%%

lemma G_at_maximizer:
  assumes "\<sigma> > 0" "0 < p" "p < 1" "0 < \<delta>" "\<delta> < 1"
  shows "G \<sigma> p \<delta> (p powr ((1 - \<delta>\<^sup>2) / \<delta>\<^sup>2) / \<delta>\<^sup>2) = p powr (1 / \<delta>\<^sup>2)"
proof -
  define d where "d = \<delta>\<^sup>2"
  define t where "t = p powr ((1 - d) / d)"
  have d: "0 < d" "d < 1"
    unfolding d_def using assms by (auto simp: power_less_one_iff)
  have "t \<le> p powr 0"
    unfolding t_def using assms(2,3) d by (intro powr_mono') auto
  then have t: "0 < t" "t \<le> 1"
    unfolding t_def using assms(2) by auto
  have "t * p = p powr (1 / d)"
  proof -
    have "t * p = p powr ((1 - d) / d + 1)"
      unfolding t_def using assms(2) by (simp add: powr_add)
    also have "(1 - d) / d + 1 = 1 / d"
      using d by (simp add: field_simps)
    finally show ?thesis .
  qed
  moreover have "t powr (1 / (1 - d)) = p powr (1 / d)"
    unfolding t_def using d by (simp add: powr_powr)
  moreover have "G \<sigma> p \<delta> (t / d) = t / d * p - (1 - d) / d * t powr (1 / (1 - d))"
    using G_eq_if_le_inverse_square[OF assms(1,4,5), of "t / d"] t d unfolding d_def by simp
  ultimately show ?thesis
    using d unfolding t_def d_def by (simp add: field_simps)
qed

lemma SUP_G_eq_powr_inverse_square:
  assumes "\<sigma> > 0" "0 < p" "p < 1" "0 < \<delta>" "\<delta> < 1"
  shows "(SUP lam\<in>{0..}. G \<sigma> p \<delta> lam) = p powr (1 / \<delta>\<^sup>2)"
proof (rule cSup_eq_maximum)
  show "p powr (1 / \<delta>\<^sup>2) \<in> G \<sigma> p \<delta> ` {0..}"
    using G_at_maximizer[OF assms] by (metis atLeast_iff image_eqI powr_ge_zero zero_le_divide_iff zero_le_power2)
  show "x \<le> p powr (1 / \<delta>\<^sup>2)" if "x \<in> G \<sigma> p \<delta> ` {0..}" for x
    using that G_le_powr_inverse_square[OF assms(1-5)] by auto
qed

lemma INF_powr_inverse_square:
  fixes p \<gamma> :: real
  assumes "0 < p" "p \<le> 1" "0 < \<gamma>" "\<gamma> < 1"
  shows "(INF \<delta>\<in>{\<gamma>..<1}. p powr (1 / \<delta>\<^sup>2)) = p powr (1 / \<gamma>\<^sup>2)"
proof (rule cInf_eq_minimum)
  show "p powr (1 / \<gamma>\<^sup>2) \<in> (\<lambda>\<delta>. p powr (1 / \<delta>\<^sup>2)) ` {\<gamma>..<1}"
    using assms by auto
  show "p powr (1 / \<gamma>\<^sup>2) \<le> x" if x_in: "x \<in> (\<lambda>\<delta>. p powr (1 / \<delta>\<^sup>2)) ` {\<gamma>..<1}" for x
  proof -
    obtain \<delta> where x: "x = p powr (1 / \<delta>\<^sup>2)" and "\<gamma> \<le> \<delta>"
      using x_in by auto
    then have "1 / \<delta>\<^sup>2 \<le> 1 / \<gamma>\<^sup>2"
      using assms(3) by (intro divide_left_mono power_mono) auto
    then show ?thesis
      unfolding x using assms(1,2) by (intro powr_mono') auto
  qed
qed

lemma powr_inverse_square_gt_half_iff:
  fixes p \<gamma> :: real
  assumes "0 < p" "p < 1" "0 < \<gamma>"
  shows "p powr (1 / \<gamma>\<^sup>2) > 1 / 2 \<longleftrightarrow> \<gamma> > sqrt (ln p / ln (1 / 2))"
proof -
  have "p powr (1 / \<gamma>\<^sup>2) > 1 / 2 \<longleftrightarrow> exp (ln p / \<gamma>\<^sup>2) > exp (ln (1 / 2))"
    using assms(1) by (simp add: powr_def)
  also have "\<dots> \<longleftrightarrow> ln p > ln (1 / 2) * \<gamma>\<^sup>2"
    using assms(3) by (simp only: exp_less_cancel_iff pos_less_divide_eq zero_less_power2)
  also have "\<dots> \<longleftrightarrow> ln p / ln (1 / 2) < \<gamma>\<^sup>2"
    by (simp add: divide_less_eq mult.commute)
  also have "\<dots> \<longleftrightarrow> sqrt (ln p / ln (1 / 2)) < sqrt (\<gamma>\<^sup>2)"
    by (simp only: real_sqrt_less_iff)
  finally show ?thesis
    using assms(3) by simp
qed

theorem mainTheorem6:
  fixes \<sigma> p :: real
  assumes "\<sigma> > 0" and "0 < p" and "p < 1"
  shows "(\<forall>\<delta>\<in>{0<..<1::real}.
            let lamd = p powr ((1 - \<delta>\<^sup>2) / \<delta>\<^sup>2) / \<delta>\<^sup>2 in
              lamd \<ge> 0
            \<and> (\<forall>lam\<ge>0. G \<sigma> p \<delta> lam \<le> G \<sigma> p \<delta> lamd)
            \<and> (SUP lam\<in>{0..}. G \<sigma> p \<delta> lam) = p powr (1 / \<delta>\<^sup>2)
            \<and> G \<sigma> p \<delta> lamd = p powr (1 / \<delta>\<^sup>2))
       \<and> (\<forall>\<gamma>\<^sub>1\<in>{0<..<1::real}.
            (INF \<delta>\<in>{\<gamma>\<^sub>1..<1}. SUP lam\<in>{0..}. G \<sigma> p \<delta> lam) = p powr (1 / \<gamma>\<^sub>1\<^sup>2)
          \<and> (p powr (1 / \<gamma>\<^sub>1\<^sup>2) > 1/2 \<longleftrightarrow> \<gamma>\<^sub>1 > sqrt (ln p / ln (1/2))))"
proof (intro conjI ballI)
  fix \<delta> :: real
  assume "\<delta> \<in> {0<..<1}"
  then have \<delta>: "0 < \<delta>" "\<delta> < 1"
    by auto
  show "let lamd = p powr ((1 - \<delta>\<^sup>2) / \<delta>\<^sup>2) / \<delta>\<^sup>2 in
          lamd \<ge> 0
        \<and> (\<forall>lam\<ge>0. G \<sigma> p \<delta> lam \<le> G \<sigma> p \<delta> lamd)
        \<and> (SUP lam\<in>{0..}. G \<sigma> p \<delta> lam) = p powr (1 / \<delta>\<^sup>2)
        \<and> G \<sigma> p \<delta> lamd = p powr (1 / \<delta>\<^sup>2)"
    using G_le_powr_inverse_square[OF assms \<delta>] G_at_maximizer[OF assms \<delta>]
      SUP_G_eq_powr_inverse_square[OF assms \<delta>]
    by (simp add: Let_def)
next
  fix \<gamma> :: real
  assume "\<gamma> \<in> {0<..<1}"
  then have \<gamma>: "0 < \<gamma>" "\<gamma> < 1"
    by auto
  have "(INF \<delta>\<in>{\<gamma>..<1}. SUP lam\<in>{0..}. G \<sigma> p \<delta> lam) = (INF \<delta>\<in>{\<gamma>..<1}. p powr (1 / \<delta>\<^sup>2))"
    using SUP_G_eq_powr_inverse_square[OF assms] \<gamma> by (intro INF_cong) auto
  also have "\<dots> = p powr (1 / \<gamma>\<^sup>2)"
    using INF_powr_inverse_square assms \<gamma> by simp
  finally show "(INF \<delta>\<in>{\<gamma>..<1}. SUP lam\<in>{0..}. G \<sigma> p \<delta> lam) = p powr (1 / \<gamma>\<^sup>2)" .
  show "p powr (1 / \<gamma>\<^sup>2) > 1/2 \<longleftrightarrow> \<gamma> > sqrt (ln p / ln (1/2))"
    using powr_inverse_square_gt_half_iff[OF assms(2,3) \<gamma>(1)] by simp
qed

%%

_WHAT THE TASK REQUIRES:_ How many lines of the entries contain the word "longleftrightarrow"? Only the number is wanted.

_ANSWER BOX:_ 7